The third time, generalize and assume there will be a fourth, fifth, sixth, etc. time.
In the example the top poster gave, the first time it was requested, I would just write up some code for triggering the notification. The second time, maybe there's a shared class (or whatever) for notifications with text passed in. The third time, now maybe we need the ability to specify notification text in config or DB or through user-triggered actions.
Ideally, the business should have their processes defined before ever implementing them technically. So these architectural questions should mostly be addressable from the start. Knowing hoe the processes look upfront can actually lead to some wonderful designs rather than constant reactors. We had a system that we knew from the start would have multiple UI layouts for multiple workflows that shared mostly similar data. We were able to build the UI to dynamically build the pages based on the data.
To be clear, I'm NOT advocating for premature abstraction, as a PM I live and die by "rule of three" when making decisions re: "let's just quickly solve this one bespoke need", vs "let's think about this more systematically".
But customers will never tell you all their requirements up front, and it's a PM's job when hearing a need from a customer to take the time to figure out if it's a single unique stand-alone problem, or simply one instance of an entire category, the other 3687 of which your customers are going to come asking for the moment they realise it's a category of problem your product is able to help with at all.
Perhaps it’s better to ask what will put the greatest cognitive strain on the developers.
Generally I want to program for the specific case first and hopefully make it so small that it doesn’t hurt to throw it away when the requirements change. But if the specific case means the whole team has to be burdened with a lot of really obscure hospitality domain knowledge, maybe it’s quicker and easier to build the abstraction.

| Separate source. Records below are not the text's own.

(* Let $A$ be a row-finite $\omega\times\omega$ complex matrix, $g\in\mathbb{C}^{\omega}$, and let $Q$ be a nonsingular row-finite matrix such that $H=QA=(h_{ij})$ is in quasi-Hermite form. Let $W$ be the set of indices of zero rows of $H$, $J=\{j_0<j_1<\cdots\}=\omega\setminus W$ the indices of nonzero rows, $\mu_i=\ell(H_{j_i})$, and $\mathbf{k}=Qg$. Then: (a) the system $Ay=g$ (with unknown $y\in\mathbb{C}^\omega$) has a solution if and only if $\mathbf{k}_w=0$ for all $w\in W$; (b) in that case, $y\in\mathbb{C}^{\omega}$ solves $Ay=g$ if and only if for every $i$ with $j_i\in J$, $$y_{\mu_i}=\mathbf{k}_{j_i}-\sum_{k=0}^{\mu_i-1}h_{j_ik}y_k,$$ where the coordinates $y_s$, $s\in\omega\setminus\{\mu_0,\mu_1,\dots\}$, are arbitrary (and only these occur with possibly nonzero coefficients in the sums). In particular the homogeneous system $Ay=0$ has a nontrivial solution if and only if $\operatorname{def}(A)>0$.
   Context: $\omega=\{0,1,2,\dots\}$; $\mathbb{C}^{\omega}$ is the space of all complex sequences (written as columns); for a row-finite matrix $A$, $(Ay)_n=\sum_k a_{nk}y_k$ (a finite sum). Row-finite: each row has finitely many nonzero entries; nonsingular: invertible in the algebra of row-finite matrices. Length $\ell(x)$ of a finitely supported sequence $x\neq 0$ is its largest index with nonzero coordinate. Quasi-Hermite form (QHF): with $J$ the indices of nonzero rows and $\ell_j=\ell(H_j)$, (i) $j<j'$ in $J$ implies $\ell_j<\ell_{j'}$; (ii) $h_{j\ell_j}=1$; (iii) $h_{m\ell_j}=0$ for all $m\neq j$. $\operatorname{def}(A)$ is the codimension of the row space of $A$ in the space of finitely supported sequences. *)

theory Defs
  imports Complex_Main "HOL-Library.Extended_Nat"
begin

type_synonym cmat = "nat \<Rightarrow> nat \<Rightarrow> complex"
type_synonym cseq = "nat \<Rightarrow> complex"

definition row_finite :: "cmat \<Rightarrow> bool" where
  "row_finite A \<longleftrightarrow> (\<forall>i. finite {k. A i k \<noteq> 0})"

definition mat_vec :: "cmat \<Rightarrow> cseq \<Rightarrow> cseq" where
  "mat_vec A y = (\<lambda>n. \<Sum>k\<in>{k. A n k \<noteq> 0}. A n k * y k)"

definition mat_mult :: "cmat \<Rightarrow> cmat \<Rightarrow> cmat" where
  "mat_mult A B = (\<lambda>i k. \<Sum>j\<in>{j. A i j \<noteq> 0}. A i j * B j k)"

definition id_mat :: cmat where
  "id_mat = (\<lambda>i k. if i = k then 1 else 0)"

definition nonsingular :: "cmat \<Rightarrow> bool" where
  "nonsingular Q \<longleftrightarrow> row_finite Q \<and>
     (\<exists>R. row_finite R \<and> mat_mult Q R = id_mat \<and> mat_mult R Q = id_mat)"

definition fin_supp :: "cseq set" where
  "fin_supp = {x. finite {k. x k \<noteq> 0}}"

text \<open>Length of a finitely supported nonzero sequence: largest index with nonzero coordinate.\<close>
definition seq_len :: "cseq \<Rightarrow> nat" where
  "seq_len x = Max {k. x k \<noteq> 0}"

definition zero_rows :: "cmat \<Rightarrow> nat set" where
  "zero_rows H = {j. H j = (\<lambda>_. 0)}"

definition nonzero_rows :: "cmat \<Rightarrow> nat set" where
  "nonzero_rows H = {j. H j \<noteq> (\<lambda>_. 0)}"

definition quasi_hermite :: "cmat \<Rightarrow> bool" where
  "quasi_hermite H \<longleftrightarrow> row_finite H \<and>
     (\<forall>j\<in>nonzero_rows H. \<forall>j'\<in>nonzero_rows H. j < j' \<longrightarrow> seq_len (H j) < seq_len (H j')) \<and>
     (\<forall>j\<in>nonzero_rows H. H j (seq_len (H j)) = 1) \<and>
     (\<forall>j\<in>nonzero_rows H. \<forall>m. m \<noteq> j \<longrightarrow> H m (seq_len (H j)) = 0)"

definition lin_span :: "cseq set \<Rightarrow> cseq set" where
  "lin_span V = {x. \<exists>F c. finite F \<and> F \<subseteq> V \<and> x = (\<lambda>k. \<Sum>v\<in>F. c v * v k)}"

definition row_space :: "cmat \<Rightarrow> cseq set" where
  "row_space A = lin_span (range A)"

text \<open>def(A): codimension of the row space of A in the space of finitely supported
  sequences, i.e. the least number of finitely supported sequences needed to extend
  the row space to all of fin_supp (infinity if no finite number suffices).\<close>
definition deficiency :: "cmat \<Rightarrow> enat" where
  "deficiency A = Inf {enat (card S) | S. finite S \<and> S \<subseteq> fin_supp \<and>
                          lin_span (row_space A \<union> S) = fin_supp}"

end

theory Submission
  imports Defs
begin

(* 1. Row-finite matrix algebra: matrix-vector products may be computed over any
      finite superset of a row's support, the product is associative, and hence
      multiplying on the left by a nonsingular Q does not change the solution set:
      A y = g iff H y = Q g.
   2. Systems in quasi-Hermite form: a nonzero row j of H reads
      y_(l j) + sum_(k < l j) h_jk y_k, so H y = b iff b vanishes on the zero rows
      and every pivot coordinate y_(l j) is given by the back-substitution formula.
      Since pivot columns are zero outside their pivot row, the right-hand sides
      involve only free coordinates; hence the free coordinates can be prescribed
      arbitrarily and determine a unique solution.
   3. The homogeneous system: a nonzero kernel vector is orthogonal to the row space,
      so the row space is proper; conversely, if every column is a pivot column the
      rows of H are unit vectors and span all finitely supported sequences.  A proper
      row space is exactly positive deficiency. *)

section \<open>Row-finite matrix algebra\<close>

lemma mat_vec_eq_sum:
  assumes "finite K" "{k. A n k \<noteq> 0} \<subseteq> K"
  shows "mat_vec A y n = (\<Sum>k\<in>K. A n k * y k)"
  unfolding mat_vec_def by (rule sum.mono_neutral_left) (use assms in auto)

lemma mat_mult_row_support:
  "{k. mat_mult Q A n k \<noteq> 0} \<subseteq> (\<Union>j\<in>{j. Q n j \<noteq> 0}. {k. A j k \<noteq> 0})"
proof
  fix k assume "k \<in> {k. mat_mult Q A n k \<noteq> 0}"
  hence "(\<Sum>j\<in>{j. Q n j \<noteq> 0}. Q n j * A j k) \<noteq> 0" by (simp add: mat_mult_def)
  then obtain j where "j \<in> {j. Q n j \<noteq> 0}" "Q n j * A j k \<noteq> 0"
    by (meson sum.neutral)
  thus "k \<in> (\<Union>j\<in>{j. Q n j \<noteq> 0}. {k. A j k \<noteq> 0})" by auto
qed

lemma mat_vec_mat_mult:
  assumes "row_finite Q" "row_finite A"
  shows "mat_vec Q (mat_vec A y) = mat_vec (mat_mult Q A) y"
proof
  fix n
  define S where "S = {j. Q n j \<noteq> 0}"
  define K where "K = (\<Union>j\<in>S. {k. A j k \<noteq> 0})"
  have fin_S: "finite S" using assms(1) unfolding row_finite_def S_def by auto
  have fin_K: "finite K" using assms fin_S unfolding row_finite_def K_def by auto
  have "mat_vec Q (mat_vec A y) n = (\<Sum>j\<in>S. Q n j * (\<Sum>k\<in>K. A j k * y k))"
    unfolding mat_vec_def[of Q] S_def[symmetric]
    by (rule sum.cong[OF refl], subst mat_vec_eq_sum[OF fin_K]) (auto simp: K_def S_def)
  also have "\<dots> = (\<Sum>k\<in>K. \<Sum>j\<in>S. Q n j * A j k * y k)"
    by (subst sum.swap) (simp add: sum_distrib_left mult.assoc)
  also have "\<dots> = (\<Sum>k\<in>K. mat_mult Q A n k * y k)"
    by (simp add: mat_mult_def S_def sum_distrib_right)
  also have "\<dots> = mat_vec (mat_mult Q A) y n"
    using mat_mult_row_support fin_K by (intro mat_vec_eq_sum[symmetric]) (auto simp: K_def S_def)
  finally show "mat_vec Q (mat_vec A y) n = mat_vec (mat_mult Q A) y n" .
qed

text \<open>The identity matrix acts trivially; with associativity this makes Q injective.\<close>
lemma mat_vec_id: "mat_vec id_mat x = x"
proof
  fix n
  have "{k. id_mat n k \<noteq> 0} = {n}" by (auto simp: id_mat_def)
  thus "mat_vec id_mat x n = x n" by (simp add: mat_vec_def id_mat_def)
qed

lemma solutions_left_mult_nonsingular:
  assumes "row_finite A" "nonsingular Q"
  shows "mat_vec A y = g \<longleftrightarrow> mat_vec (mat_mult Q A) y = mat_vec Q g"
proof -
  obtain R where R: "row_finite R" "mat_mult R Q = id_mat" and Q: "row_finite Q"
    using assms(2) unfolding nonsingular_def by blast
  have left_inverse: "mat_vec R (mat_vec Q x) = x" for x
    using mat_vec_mat_mult[OF R(1) Q] R(2) mat_vec_id by simp
  have "mat_vec (mat_mult Q A) y = mat_vec Q g \<longleftrightarrow> mat_vec Q (mat_vec A y) = mat_vec Q g"
    by (simp add: mat_vec_mat_mult[OF Q assms(1)])
  also have "\<dots> \<longleftrightarrow> mat_vec A y = g"
    by (metis left_inverse)
  finally show ?thesis by simp
qed

section \<open>Systems in quasi-Hermite form\<close>

abbreviation pivots :: "cmat \<Rightarrow> nat set" where
  "pivots H \<equiv> (\<lambda>j. seq_len (H j)) ` nonzero_rows H"

lemma qh_row:
  assumes "quasi_hermite H" "j \<in> nonzero_rows H"
  shows "H j (seq_len (H j)) = 1" and "\<And>k. seq_len (H j) < k \<Longrightarrow> H j k = 0"
proof -
  show "H j (seq_len (H j)) = 1" using assms by (simp add: quasi_hermite_def)
  have fin: "finite {k. H j k \<noteq> 0}"
    using assms(1) by (simp add: quasi_hermite_def row_finite_def)
  show "H j k = 0" if "seq_len (H j) < k" for k
  proof (rule ccontr)
    assume "H j k \<noteq> 0"
    hence "k \<le> seq_len (H j)" unfolding seq_len_def using fin by (simp add: Max_ge)
    thus False using that by simp
  qed
qed

lemma mat_vec_qh_row:
  assumes "quasi_hermite H" "j \<in> nonzero_rows H"
  shows "mat_vec H y j = y (seq_len (H j)) + (\<Sum>k<seq_len (H j). H j k * y k)"
proof -
  let ?l = "seq_len (H j)"
  have "mat_vec H y j = (\<Sum>k<Suc ?l. H j k * y k)"
    using qh_row(2)[OF assms] by (intro mat_vec_eq_sum) (auto simp: not_less_eq[symmetric])
  thus ?thesis using qh_row(1)[OF assms] by simp
qed

lemma qh_system_iff:
  assumes "quasi_hermite H"
  shows "mat_vec H y = b \<longleftrightarrow> (\<forall>w\<in>zero_rows H. b w = 0) \<and>
     (\<forall>j\<in>nonzero_rows H. y (seq_len (H j)) = b j - (\<Sum>k<seq_len (H j). H j k * y k))"
proof -
  have zero: "w \<in> zero_rows H \<Longrightarrow> mat_vec H y w = 0" for w
    by (simp add: zero_rows_def mat_vec_def)
  have rows: "n \<in> zero_rows H \<or> n \<in> nonzero_rows H" for n
    by (simp add: zero_rows_def nonzero_rows_def)
  have "mat_vec H y = b \<longleftrightarrow> (\<forall>w\<in>zero_rows H. b w = 0) \<and> (\<forall>j\<in>nonzero_rows H. mat_vec H y j = b j)"
    using zero rows by (auto simp: fun_eq_iff) metis
  thus ?thesis
    using mat_vec_qh_row[OF assms, of _ y] by (auto simp: eq_diff_eq)
qed

lemma qh_pivot_inj:
  assumes "quasi_hermite H"
  shows "inj_on (\<lambda>j. seq_len (H j)) (nonzero_rows H)"
  using assms unfolding quasi_hermite_def by (intro inj_onI) (metis less_irrefl linorder_neqE_nat)

lemma qh_pivot_column_zero:
  assumes "quasi_hermite H" "j \<in> nonzero_rows H" "k < seq_len (H j)" "k \<in> pivots H"
  shows "H j k = 0"
proof -
  obtain j' where j': "j' \<in> nonzero_rows H" "k = seq_len (H j')" using assms(4) by auto
  hence "j' \<noteq> j" using assms(3) by auto
  thus ?thesis using assms(1) j' unfolding quasi_hermite_def by metis
qed

lemma qh_sum_only_free:
  assumes "quasi_hermite H" "j \<in> nonzero_rows H" "\<forall>s. s \<notin> pivots H \<longrightarrow> y s = z s"
  shows "(\<Sum>k<seq_len (H j). H j k * y k) = (\<Sum>k<seq_len (H j). H j k * z k)"
  using assms qh_pivot_column_zero by (intro sum.cong) fastforce+

text \<open>A compatible system in quasi-Hermite form has exactly one solution with
  prescribed free coordinates z: the pivot coordinates are obtained from z by
  back substitution.\<close>
lemma qh_unique_solution:
  assumes qh: "quasi_hermite H" and compatible: "\<forall>w\<in>zero_rows H. b w = 0"
  shows "\<exists>!y. mat_vec H y = b \<and> (\<forall>s. s \<notin> pivots H \<longrightarrow> y s = z s)"
proof -
  let ?J = "nonzero_rows H" and ?l = "\<lambda>j. seq_len (H j)"
  define y where "y s = (if s \<in> pivots H then (let j = (SOME j. j \<in> ?J \<and> ?l j = s) in
       b j - (\<Sum>k<s. H j k * z k)) else z s)" for s
  have y_free: "\<forall>s. s \<notin> pivots H \<longrightarrow> y s = z s" by (simp add: y_def)
  have y_pivot: "y (?l j) = b j - (\<Sum>k<?l j. H j k * z k)" if "j \<in> ?J" for j
  proof -
    have "(SOME j'. j' \<in> ?J \<and> ?l j' = ?l j) = j"
      using that qh_pivot_inj[OF qh] by (intro some_equality) (auto dest: inj_onD)
    thus ?thesis using that by (simp add: y_def)
  qed
  have "mat_vec H y = b"
    unfolding qh_system_iff[OF qh] using compatible y_pivot qh_sum_only_free[OF qh _ y_free] by simp
  moreover have "y' = y" if y': "mat_vec H y' = b" "\<forall>s. s \<notin> pivots H \<longrightarrow> y' s = z s" for y'
  proof
    fix s show "y' s = y s"
    proof (cases "s \<in> pivots H")
      case True
      then obtain j where j: "j \<in> ?J" "s = ?l j" by auto
      have "y' s = b j - (\<Sum>k<?l j. H j k * y' k)" using y' j unfolding qh_system_iff[OF qh] by blast
      also have "\<dots> = b j - (\<Sum>k<?l j. H j k * z k)" using qh_sum_only_free[OF qh j(1)] y' by simp
      finally show ?thesis using y_pivot j by simp
    qed (use y' y_free in simp)
  qed
  ultimately show ?thesis using y_free by blast
qed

Right, this is why a bad PM is worse than no PM. "Just build this one use case, and since it's so simple, I promised it by nex week". Instead of digging deeper, as you suggest.
If a PM (or an eng for that matter) can justify the need for the complexity, either because they are extracting 2-3 use cases in to a generalizable solution, or they have 1 but know that 2-3 or more are coming real soon, then bring on the complexity.
It's a balance, for sure.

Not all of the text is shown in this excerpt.